Data were processed using SPROC to filter data points with low DAPI intensity, reference to DAPI signal intensity and correlation between Cy3 and Cy5 within spots. Ratios that were derived from a single clone or those with a triplicate log2 SD >0.2 were considered missing. Samples were hybridized on two versions of human array (3.1, 3.2). Clone data were combined sharing data from both arrays. Post-processing, 2111 clones remained. Data were mapped to the human DNA sequence May 2004 freeze.

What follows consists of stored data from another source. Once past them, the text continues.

lemma psd_on_monomial_congruence:
  fixes g :: "'b \<Rightarrow> 'b" and c :: "'b \<Rightarrow> complex" and M :: "'a \<times> 'b \<Rightarrow> 'a \<times> 'b \<Rightarrow> complex"
  assumes psd: "psd_on (A \<times> UNIV) M" and inv: "\<And>x. g (g x) = x"
  shows "psd_on (A \<times> UNIV) (\<lambda>(a, x) (b, y). c x * M (a, g x) (b, g y) * cnj (c y))"
  unfolding psd_on_iff_quad_form
proof
  fix v :: "'a \<times> 'b \<Rightarrow> complex"
  define h where "h = (\<lambda>(a :: 'a, x). (a, g x))"
  have reindex: "(\<Sum>p\<in>A \<times> UNIV. F p) = (\<Sum>p\<in>A \<times> UNIV. F (h p))" for F :: "_ \<Rightarrow> complex"
    by (rule sum.reindex_bij_witness[of _ h h]) (auto simp: h_def inv)
  have "quad_form (A \<times> UNIV) (\<lambda>(a, x) (b, y). c x * M (a, g x) (b, g y) * cnj (c y)) v
      = quad_form (A \<times> UNIV) M (\<lambda>(a, z). cnj (c (g z)) * v (a, g z))"
    unfolding quad_form_def
    by (subst (1 2) reindex, rule sum.cong[OF refl])+ (auto simp: h_def inv)
  then show "Im (quad_form (A \<times> UNIV) (\<lambda>(a, x) (b, y). c x * M (a, g x) (b, g y) * cnj (c y)) v) = 0 \<and>
      0 \<le> Re (quad_form (A \<times> UNIV) (\<lambda>(a, x) (b, y). c x * M (a, g x) (b, g y) * cnj (c y)) v)"
    using psd unfolding psd_on_iff_quad_form by simp
qed

lemma completely_positive_flip_kraus_op: "completely_positive (flip_kraus_op k l)"
  unfolding completely_positive_def
proof (intro allI impI)
  fix n :: nat and M :: "nat \<times> bool \<Rightarrow> nat \<times> bool \<Rightarrow> complex"
  assume psd: "psd_on ({..<n} \<times> UNIV) M"
  have "(\<lambda>(a, x) (b, y). flip_kraus_op k l (\<lambda>x' y'. M (a, x') (b, y')) x y)
     = (\<lambda>p q. (\<lambda>(a, x) (b, y). k x * M (a, id x) (b, id y) * cnj (k y)) p q
            + (\<lambda>(a, x) (b, y). l x * M (a, Not x) (b, Not y) * cnj (l y)) p q)"
    by (auto simp: flip_kraus_op_def fun_eq_iff)
  then show "psd_on ({..<n} \<times> UNIV) (\<lambda>(a, x) (b, y). flip_kraus_op k l (\<lambda>x' y'. M (a, x') (b, y')) x y)"
    by (simp only:) (intro psd_on_add psd_on_monomial_congruence[OF psd]; simp)
qed

lemma qlinear_flip_kraus_op: "qlinear (flip_kraus_op k l)"
  unfolding qlinear_def flip_kraus_op_def by (auto simp: fun_eq_iff algebra_simps)

lemma flip_kraus_op_pi_conj: "flip_kraus_op k l (pi_conj X) = pi_conj (flip_kraus_op k l X)"
  unfolding flip_kraus_op_def pi_conj_def sgn_pi_def by (auto simp: fun_eq_iff algebra_simps)

lemma qtrace_flip_kraus_op:
  "qtrace (flip_kraus_op k l X) =
     (\<Sum>i\<in>UNIV. complex_of_real ((cmod (k i))\<^sup>2 + (cmod (l (\<not> i)))\<^sup>2) * X i i)"
proof -
  have norm_sq: "z * x * cnj z = complex_of_real ((cmod z)\<^sup>2) * x" for z x :: complex
    by (simp only: complex_norm_square mult_ac)
  show ?thesis
    unfolding qtrace_def flip_kraus_op_def
    by (simp only: UNIV_bool sum.insert sum.empty finite.intros insert_iff empty_iff
        not_False_eq_True not_True_eq_False simp_thms norm_sq) (simp add: algebra_simps)
qed

lemma psd_on_diag_nonneg:
  fixes X :: qop
  assumes "psd_on UNIV X"
  shows "Im (X i i) = 0 \<and> Re (X i i) \<ge> 0"
proof -
  have "quad_form UNIV X (\<lambda>j. if j = i then 1 else 0) = X i i"
    unfolding quad_form_def by (cases i) (simp_all add: UNIV_bool)
  then show ?thesis
    using assms unfolding psd_on_iff_quad_form by metis
qed

lemma trace_nonincreasing_flip_kraus_op:
  assumes "\<And>i. (cmod (k i))\<^sup>2 + (cmod (l (\<not> i)))\<^sup>2 \<le> 1"
  shows "trace_nonincreasing (flip_kraus_op k l)"
  unfolding trace_nonincreasing_def
proof (intro allI impI)
  fix X :: qop
  assume "psd_on UNIV X"
  then have "Re (X i i) \<ge> 0" for i
    by (simp add: psd_on_diag_nonneg)
  then have diag_le: "((cmod (k i))\<^sup>2 + (cmod (l (\<not> i)))\<^sup>2) * Re (X i i) \<le> Re (X i i)" for i
    using mult_right_mono[OF assms] by (metis mult_1)
  show "Re (qtrace (flip_kraus_op k l X)) \<le> Re (qtrace X)"
    using add_mono[OF diag_le[of False] diag_le[of True]] unfolding qtrace_flip_kraus_op by (simp add: qtrace_def UNIV_bool)
qed

lemma Z2_operation_flip_kraus_op:
  assumes "\<And>i. (cmod (k i))\<^sup>2 + (cmod (l (\<not> i)))\<^sup>2 \<le> 1"
  shows "Z2_operation (flip_kraus_op k l)"
  unfolding Z2_operation_def
  using qlinear_flip_kraus_op completely_positive_flip_kraus_op
    trace_nonincreasing_flip_kraus_op[of k l, OF assms] flip_kraus_op_pi_conj by blast

lemma has_sum_nonneg_term_le:
  fixes f :: "'a \<Rightarrow> real"
  assumes "(f has_sum S) A" "\<And>x. x \<in> A \<Longrightarrow> f x \<ge> 0" "a \<in> A"
  shows "f a \<le> S"
  using has_sum_mono_neutral[OF has_sum_finite[of "{a}" f] assms(1)] assms(2,3) by auto

lemma Z2_measurement_flip_kraus_op:
  assumes "countable I"
    and "\<And>i. ((\<lambda>\<mu>. (cmod (k \<mu> i))\<^sup>2 + (cmod (l \<mu> (\<not> i)))\<^sup>2) has_sum 1) I"
  shows "Z2_measurement I (\<lambda>\<mu>. flip_kraus_op (k \<mu>) (l \<mu>))"
  unfolding Z2_measurement_def
proof (intro conjI ballI allI)
  show "countable I" by fact
next
  fix \<mu> assume "\<mu> \<in> I"
  then show "Z2_operation (flip_kraus_op (k \<mu>) (l \<mu>))"
    by (intro Z2_operation_flip_kraus_op has_sum_nonneg_term_le[OF assms(2)]) auto
next
  fix X :: qop
  have "((\<lambda>\<mu>. complex_of_real ((cmod (k \<mu> i))\<^sup>2 + (cmod (l \<mu> (\<not> i)))\<^sup>2) * X i i)
          has_sum X i i) I" for i
    using has_sum_cmult_left[OF has_sum_of_real[OF assms(2)], where c = "X i i"] by simp
  from has_sum_add[OF this[of False] this[of True]]
  show "((\<lambda>\<mu>. qtrace (flip_kraus_op (k \<mu>) (l \<mu>) X)) has_sum qtrace X) I"
    unfolding qtrace_flip_kraus_op by (simp add: qtrace_def UNIV_bool)
qed

lemma flip_kraus_op_proj:
  assumes "\<And>i. k i * \<psi> i = complex_of_real s * \<phi> i"
    and "\<And>i. l i * \<psi> (\<not> i) = complex_of_real t * \<phi> i"
  shows "flip_kraus_op k l (proj \<psi>) = (\<lambda>i j. complex_of_real (s\<^sup>2 + t\<^sup>2) * proj \<phi> i j)"
proof (intro ext)
  fix i j
  have "flip_kraus_op k l (proj \<psi>) i j
      = (k i * \<psi> i) * cnj (k j * \<psi> j) + (l i * \<psi> (\<not> i)) * cnj (l j * \<psi> (\<not> j))"
    by (simp add: flip_kraus_op_def proj_def algebra_simps)
  also have "\<dots> = complex_of_real (s\<^sup>2 + t\<^sup>2) * proj \<phi> i j"
    by (simp only: assms) (simp add: proj_def algebra_simps power2_eq_square)
  finally show "flip_kraus_op k l (proj \<psi>) i j = complex_of_real (s\<^sup>2 + t\<^sup>2) * proj \<phi> i j" .
qed

lemma amplitude_factors_exist:
  fixes a b c :: complex and d :: real
  assumes "d \<ge> 0" and "d * (cmod a)\<^sup>2 = (cmod b)\<^sup>2 + (cmod c)\<^sup>2"
  shows "\<exists>x y. x * a = b \<and> y * a = c \<and> (cmod x)\<^sup>2 + (cmod y)\<^sup>2 = d"
proof (cases "a = 0")
  case True
  with assms(2) have "b = 0" "c = 0"
    by (simp_all add: add_nonneg_eq_0_iff)
  with True assms(1) show ?thesis
    by (intro exI[of _ "complex_of_real (sqrt d)"] exI[of _ 0]) simp
next
  case False
  with assms(2) show ?thesis
    by (intro exI[of _ "b / a"] exI[of _ "c / a"])
      (simp add: norm_divide add_divide_distrib[symmetric] field_simps)
qed

lemma flip_kraus_pair_exists:
  fixes \<psi> \<phi> :: qvec and s t :: real and D :: "bool \<Rightarrow> real"
  assumes "\<And>i. D i \<ge> 0"
    and "\<And>i. D i * (cmod (\<psi> i))\<^sup>2 = s\<^sup>2 * (cmod (\<phi> i))\<^sup>2 + t\<^sup>2 * (cmod (\<phi> (\<not> i)))\<^sup>2"
  shows "\<exists>k l. flip_kraus_op k l (proj \<psi>) = (\<lambda>i j. complex_of_real (s\<^sup>2 + t\<^sup>2) * proj \<phi> i j)
           \<and> (\<forall>i. (cmod (k i))\<^sup>2 + (cmod (l (\<not> i)))\<^sup>2 = D i)"
proof -
  have "\<forall>i. \<exists>x y. x * \<psi> i = complex_of_real s * \<phi> i \<and> y * \<psi> i = complex_of_real t * \<phi> (\<not> i)
           \<and> (cmod x)\<^sup>2 + (cmod y)\<^sup>2 = D i"
    using amplitude_factors_exist assms by (simp add: norm_mult power_mult_distrib)
  then obtain k l' where k: "\<And>i. k i * \<psi> i = complex_of_real s * \<phi> i"
    and l': "\<And>i. l' i * \<psi> i = complex_of_real t * \<phi> (\<not> i)"
    and D: "\<And>i. (cmod (k i))\<^sup>2 + (cmod (l' i))\<^sup>2 = D i"
    by metis
  have "l' (\<not> i) * \<psi> (\<not> i) = complex_of_real t * \<phi> i" for i
    using l'[of "\<not> i"] by simp
  with k have "flip_kraus_op k (\<lambda>i. l' (\<not> i)) (proj \<psi>)
      = (\<lambda>i j. complex_of_real (s\<^sup>2 + t\<^sup>2) * proj \<phi> i j)"
    by (rule flip_kraus_op_proj)
  moreover have "\<forall>i. (cmod (k i))\<^sup>2 + (cmod (l' (\<not> \<not> i)))\<^sup>2 = D i"
    using D by simp
  ultimately show ?thesis by blast
qed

Data were segmented using circular binary segmentation,28 implemented in the DNAcopy package from Bioconductor29 to translate intensity measurements into equal copy number regions. Median absolute deviation, scaled by the factor 1.4826 of the difference between the observed (log2 ratio) and segment values of autosomal clones, were used to estimate sample-specific experimental variation. Clone status outcome assignment (gain/loss/normal) was conducted, applying the merge levels procedure to segment values.30 To identify single technical or biological outliers (that is, high-level amplifications), their presence was allowed within each segment. Outlier clones included those for with an observed value at least four sample-specific median absolute deviation from the segment. High-level amplifications included narrow and single outliers with high copy numbers, as described previously.31

To quantify the total amount of genome altered, each clone was assigned a genomic distance equal to the sum of one half the distance between its center and that of neighboring clones or to the chromosome end for probes with one neighbor.31 FGA was defined as the proportion of the distance of the autosomal clone regions altered to that of the entire genome. FGG or FGL, considered only distances that were gained or lost.

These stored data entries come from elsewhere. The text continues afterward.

lemma det_mult_charpoly_inv_mult:
  fixes L W :: "real^'n^'n"
  assumes "invertible L"
  shows "det L * poly (charpoly (matrix_inv L ** W)) a = det (a *\<^sub>R L - W)"
proof -
  have "L ** (a *\<^sub>R mat 1 - matrix_inv L ** W) = L ** (a *\<^sub>R mat 1) - L ** (matrix_inv L ** W)"
    by (simp add: matrix_matrix_mult_def vec_eq_iff right_diff_distrib sum_subtractf)
  also have "\<dots> = a *\<^sub>R L - W"
    by (simp add: matrix_scalar_ac matrix_mul_assoc matrix_inv_right[OF assms])
  finally show ?thesis by (simp add: poly_charpoly det_mul[symmetric])
qed

lemma real_eigenvalue_inv_mult_iff:
  fixes L W :: "real^'n^'n"
  assumes "invertible L"
  shows "real_eigenvalue (matrix_inv L ** W) lam \<longleftrightarrow> (\<exists>x. x \<noteq> 0 \<and> W *v x = lam *\<^sub>R (L *v x))"
proof -
  have "matrix_inv L ** W *v x = lam *\<^sub>R x \<longleftrightarrow> W *v x = lam *\<^sub>R (L *v x)" for x
  proof
    assume "matrix_inv L ** W *v x = lam *\<^sub>R x"
    then have "L *v (matrix_inv L ** W *v x) = lam *\<^sub>R (L *v x)"
      by (simp add: matrix_vector_mult_scaleR)
    then show "W *v x = lam *\<^sub>R (L *v x)"
      by (simp add: matrix_vector_mul_assoc matrix_mul_assoc matrix_inv_right[OF assms])
  next
    assume "W *v x = lam *\<^sub>R (L *v x)"
    then have "matrix_inv L *v (W *v x) = lam *\<^sub>R (matrix_inv L *v (L *v x))"
      by (simp add: matrix_vector_mult_scaleR)
    then show "matrix_inv L ** W *v x = lam *\<^sub>R x"
      by (simp add: matrix_vector_mul_assoc matrix_inv_left[OF assms])
  qed
  then show ?thesis by (simp add: real_eigenvalue_def)
qed

lemma rayleigh_quotient_attains_max:
  fixes L W :: "real^'n^'n"
  assumes Lpos: "\<And>x. x \<noteq> 0 \<Longrightarrow> 0 < x \<bullet> (L *v x)"
  obtains g \<mu> where "g \<noteq> 0" and "g \<bullet> (W *v g) = \<mu> * (g \<bullet> (L *v g))"
    and "\<And>y. y \<bullet> (W *v y) \<le> \<mu> * (y \<bullet> (L *v y))"
proof -
  define R where "R y = (y \<bullet> (W *v y)) / (y \<bullet> (L *v y))" for y
  have R_scale: "R (c *\<^sub>R y) = R y" if "c \<noteq> 0" for c y
    using that by (simp add: R_def matrix_vector_mult_scaleR)
  have "y \<bullet> (L *v y) \<noteq> 0" if "y \<in> sphere 0 1" for y
    using Lpos[of y] that by fastforce
  then have "continuous_on (sphere 0 1) R"
    unfolding R_def
    by (intro continuous_intros linear_continuous_on matrix_vector_mul_bounded_linear) auto
  moreover have "sphere (0::real^'n) 1 \<noteq> {}" by simp
  ultimately obtain g where g: "g \<in> sphere 0 1" and max: "\<And>y. y \<in> sphere 0 1 \<Longrightarrow> R y \<le> R g"
    using continuous_attains_sup[OF compact_sphere] by blast
  have "y \<bullet> (W *v y) \<le> R g * (y \<bullet> (L *v y))" for y
  proof (cases "y = 0")
    case False
    then have "R y \<le> R g"
      using max[of "(1 / norm y) *\<^sub>R y"] R_scale[of "1 / norm y" y] by simp
    then show ?thesis using Lpos[OF False] by (simp add: R_def divide_le_eq)
  qed simp
  moreover have "g \<noteq> 0" using g by auto
  moreover have "g \<bullet> (W *v g) = R g * (g \<bullet> (L *v g))"
    using Lpos[OF \<open>g \<noteq> 0\<close>] by (simp add: R_def)
  ultimately show ?thesis using that by blast
qed

lemma largest_eigenvalue_inv_mult_simple:
  fixes L W :: "real^'n^'n"
  assumes Lpos: "\<And>x. x \<noteq> 0 \<Longrightarrow> 0 < x \<bullet> (L *v x)"
    and bound: "\<And>y. y \<bullet> (W *v y) \<le> \<mu> * (y \<bullet> (L *v y))"
    and sym: "transpose (\<mu> *\<^sub>R L - W) = \<mu> *\<^sub>R L - W"
    and ker: "\<And>x. (\<mu> *\<^sub>R L - W) *v x = 0 \<longleftrightarrow> (\<exists>c. x = c *\<^sub>R v)"
    and "v \<noteq> 0"
  shows "real_eigenvalue (matrix_inv L ** W) \<mu>"
    and "\<And>lam. real_eigenvalue (matrix_inv L ** W) lam \<Longrightarrow> lam \<le> \<mu>"
    and "order \<mu> (charpoly (matrix_inv L ** W)) = 1"
proof -
  have invL: "invertible L" using Lpos by (rule invertible_if_pos_def)
  have "(\<mu> *\<^sub>R L - W) *v v = 0" using ker[of v] by (metis scaleR_one)
  then have "W *v v = \<mu> *\<^sub>R (L *v v)"
    by (simp add: matrix_vector_mult_diff_rdistrib scaleR_matrix_vector_assoc)
  then show "real_eigenvalue (matrix_inv L ** W) \<mu>"
    using \<open>v \<noteq> 0\<close> by (auto simp: real_eigenvalue_inv_mult_iff[OF invL])
  show "lam \<le> \<mu>" if eigen: "real_eigenvalue (matrix_inv L ** W) lam" for lam
  proof -
    obtain x where "x \<noteq> 0" and "W *v x = lam *\<^sub>R (L *v x)"
      using eigen by (auto simp: real_eigenvalue_inv_mult_iff[OF invL])
    then have "lam * (x \<bullet> (L *v x)) \<le> \<mu> * (x \<bullet> (L *v x))" using bound[of x] by simp
    then show ?thesis using Lpos[OF \<open>x \<noteq> 0\<close>] by simp
  qed
  have "order \<mu> (smult (det L) (charpoly (matrix_inv L ** W))) = 1"
  proof (rule order_det_pencil_eq_1[OF sym ker])
    show "v \<bullet> (L *v v) \<noteq> 0" using Lpos[OF \<open>v \<noteq> 0\<close>] by simp
    show "poly (smult (det L) (charpoly (matrix_inv L ** W))) a
        = det ((a - \<mu>) *\<^sub>R L + (\<mu> *\<^sub>R L - W))" for a
      using det_mult_charpoly_inv_mult[OF invL] by (simp add: algebra_simps)
  qed
  moreover have "det L \<noteq> 0" using invL by (simp add: invertible_det_nz)
  ultimately show "order \<mu> (charpoly (matrix_inv L ** W)) = 1" by (simp add: order_smult)
qed

section \<open>The reduced Laplacian\<close>

lemma pos_connected_induct:
  assumes "pos_connected S w" and "u \<in> S" and "v \<in> S" and "P u"
    and step: "\<And>x y. x \<in> S \<Longrightarrow> y \<in> S \<Longrightarrow> 0 < w x y \<Longrightarrow> P x \<Longrightarrow> P y"
  shows "P v"
proof -
  have "(\<lambda>x y. x \<in> S \<and> y \<in> S \<and> 0 < w x y)\<^sup>*\<^sup>* u v"
    using assms(1-3) by (simp add: pos_connected_def)
  then show ?thesis by (induction rule: rtranclp_induct) (use \<open>P u\<close> step in auto)
qed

Clone-wise association tests between copy number alterations and clinical variables were based on the segment values with observed values for outlier clones. Moderated t-tests for dichotomous variables and moderated F-statistics32 were used for more than two groups. P-values were adjusted for multiple testing by controlling the FDR.32, 33 Wilcoxon's rank-sum tests were performed to evaluate differential associations of summary genomic events (that is, FGA, FGG, FGL, amplifications and specific alterations) with dichotomous variables. Kruskal–Wallis rank-sum tests were used for events having more than two groups. Statistical analyses of autosomes were performed using R/Bioconductor.29, 34 P-values <0.05 were considered significant.33

Copy number alterations

The prevalence of ccRCC cases with/without frozen biopsies were compared by patient characteristics using χ2 and Fisher's Exact tests. Alterations of chromosome arms were coded as ‘0’ (no alterations) and ‘1’ (dominant change), defined as gain or loss in >25% of cases. Also included were those previously reported as important alterations in renal cancer. To compare cases with/without p or q arm alterations, cases with gains/losses were considered as dependent variables in stepwise logistic regression models with patient/clinical characteristics, lifestyle and occupational exposure variables. Criteria for inclusion into multivariate models was a P-value <0.20. Study design matching variables (country, sex, age) were included in all models. All variables were fitted in logistic models to obtain odds ratios (OR) and 95% confidence intervals (95% CI) as risk estimates of each alteration. Individual clone copy number differences between groups were initially tested using a moderated t-statistic or F-statistic with pooled variance, adjusted for multiple comparisons controlling the FDR.32 Clones identified through the first screen, observed in >20% of cases, were included in multivariate analyses conducted using SAS 9.1.3 (SAS Institute Inc.) and STATA 10.0 software. Clone-wise tests were conducted in R,34 all were two-sided.